# WHAT IS BEING ASKED:
Your answer consists of the lines in the data that contain "moreover". Copy each of them.
==== MATERIALS PROVIDED
lemma strict_mono_on_inv_into:
  fixes h :: "'b :: linorder \<Rightarrow> 'c :: linorder"
  assumes "bij_betw h B A" "strict_mono_on B h"
  shows "strict_mono_on A (inv_into B h)"
proof (rule strict_mono_onI)
  fix x y assume xy: "x \<in> A" "y \<in> A" "x < y"
  have "inv_into B h x \<in> B" "inv_into B h y \<in> B"
    using bij_betw_inv_into[OF assms(1)] xy bij_betwE by blast+
  moreover have "h (inv_into B h x) < h (inv_into B h y)"
    using xy assms(1) by (simp add: bij_betw_def f_inv_into_f)
  ultimately show "inv_into B h x < inv_into B h y" using strict_mono_on_less[OF assms(2)] by blast
qed

text \<open>Relabelling the values along a strictly monotone bijection \<open>h : B \<rightarrow> A\<close>
  injects the ranked maps onto \<open>B\<close> into those onto \<open>A\<close>.\<close>
lemma card_ranked_maps_le:
  assumes V: "finite V" and P: "P \<subseteq> V \<times> V" and h: "bij_betw h B A" "strict_mono_on B h"
  shows "card (ranked_maps V P B) \<le> card (ranked_maps V P A)"
proof (rule card_inj_on_le)
  let ?F = "\<lambda>\<sigma>. restrict (h \<circ> \<sigma>) V"
  show "inj_on ?F (ranked_maps V P B)"
  proof (rule inj_onI)
    fix \<sigma> \<tau> assume \<sigma>: "\<sigma> \<in> ranked_maps V P B" and \<tau>: "\<tau> \<in> ranked_maps V P B" and eq: "?F \<sigma> = ?F \<tau>"
    show "\<sigma> = \<tau>"
    proof (rule extensionalityI[of _ V])
      show "\<sigma> \<in> extensional V" "\<tau> \<in> extensional V" using \<sigma> \<tau> unfolding ranked_maps_def by auto
      fix v assume v: "v \<in> V"
      have "\<sigma> v \<in> B" "\<tau> v \<in> B" using \<sigma> \<tau> v unfolding ranked_maps_def by (auto dest: bij_betwE)
      moreover have "h (\<sigma> v) = h (\<tau> v)" using fun_cong[OF eq, of v] v by simp
      ultimately show "\<sigma> v = \<tau> v" using h(1) unfolding bij_betw_def by (meson inj_onD)
    qed
  qed
  show "?F ` ranked_maps V P B \<subseteq> ranked_maps V P A"
  proof
    fix \<rho> assume "\<rho> \<in> ?F ` ranked_maps V P B"
    then obtain \<sigma> where \<sigma>: "\<sigma> \<in> ranked_maps V P B" and \<rho>: "\<rho> = ?F \<sigma>" by blast
    then have "bij_betw \<sigma> V B" and \<sigma>_less: "\<forall>u v. (u, v) \<in> P \<longrightarrow> \<sigma> u < \<sigma> v"
      unfolding ranked_maps_def by auto
    then have "bij_betw \<rho> V A" unfolding \<rho> using bij_betw_trans[OF _ h(1)]
      by (metis bij_betw_cong restrict_apply')
    moreover have "\<rho> u < \<rho> v" if uv: "(u, v) \<in> P" for u v
    proof -
      have "u \<in> V" "v \<in> V" using uv P by auto
      moreover from this have "\<sigma> u \<in> B" "\<sigma> v \<in> B" using \<open>bij_betw \<sigma> V B\<close> bij_betwE by blast+
      ultimately show ?thesis using \<sigma>_less uv h(2) unfolding \<rho> by (simp add: strict_mono_onD)
    qed
    ultimately show "\<rho> \<in> ranked_maps V P A" unfolding ranked_maps_def \<rho> by auto
  qed
  show "finite (ranked_maps V P A)"
  proof (cases "finite A")
    case True
    have "ranked_maps V P A \<subseteq> V \<rightarrow>\<^sub>E A"
      unfolding ranked_maps_def by (auto simp: bij_betw_def PiE_iff extensional_def)
    then show ?thesis using V True by (meson finite_PiE finite_subset)
  next
    case False
    then have "ranked_maps V P A = {}" using V unfolding ranked_maps_def by (auto dest: bij_betw_finite)
    then show ?thesis by simp
  qed
qed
========
# REPLY TO THE TASK:
  moreover have "h (inv_into B h x) < h (inv_into B h y)"
      moreover have "h (\<sigma> v) = h (\<tau> v)" using fun_cong[OF eq, of v] v by simp
    moreover have "\<rho> u < \<rho> v" if uv: "(u, v) \<in> P" for u v
      moreover from this have "\<sigma> u \<in> B" "\<sigma> v \<in> B" using \<open>bij_betw \<sigma> V B\<close> bij_betwE by blast+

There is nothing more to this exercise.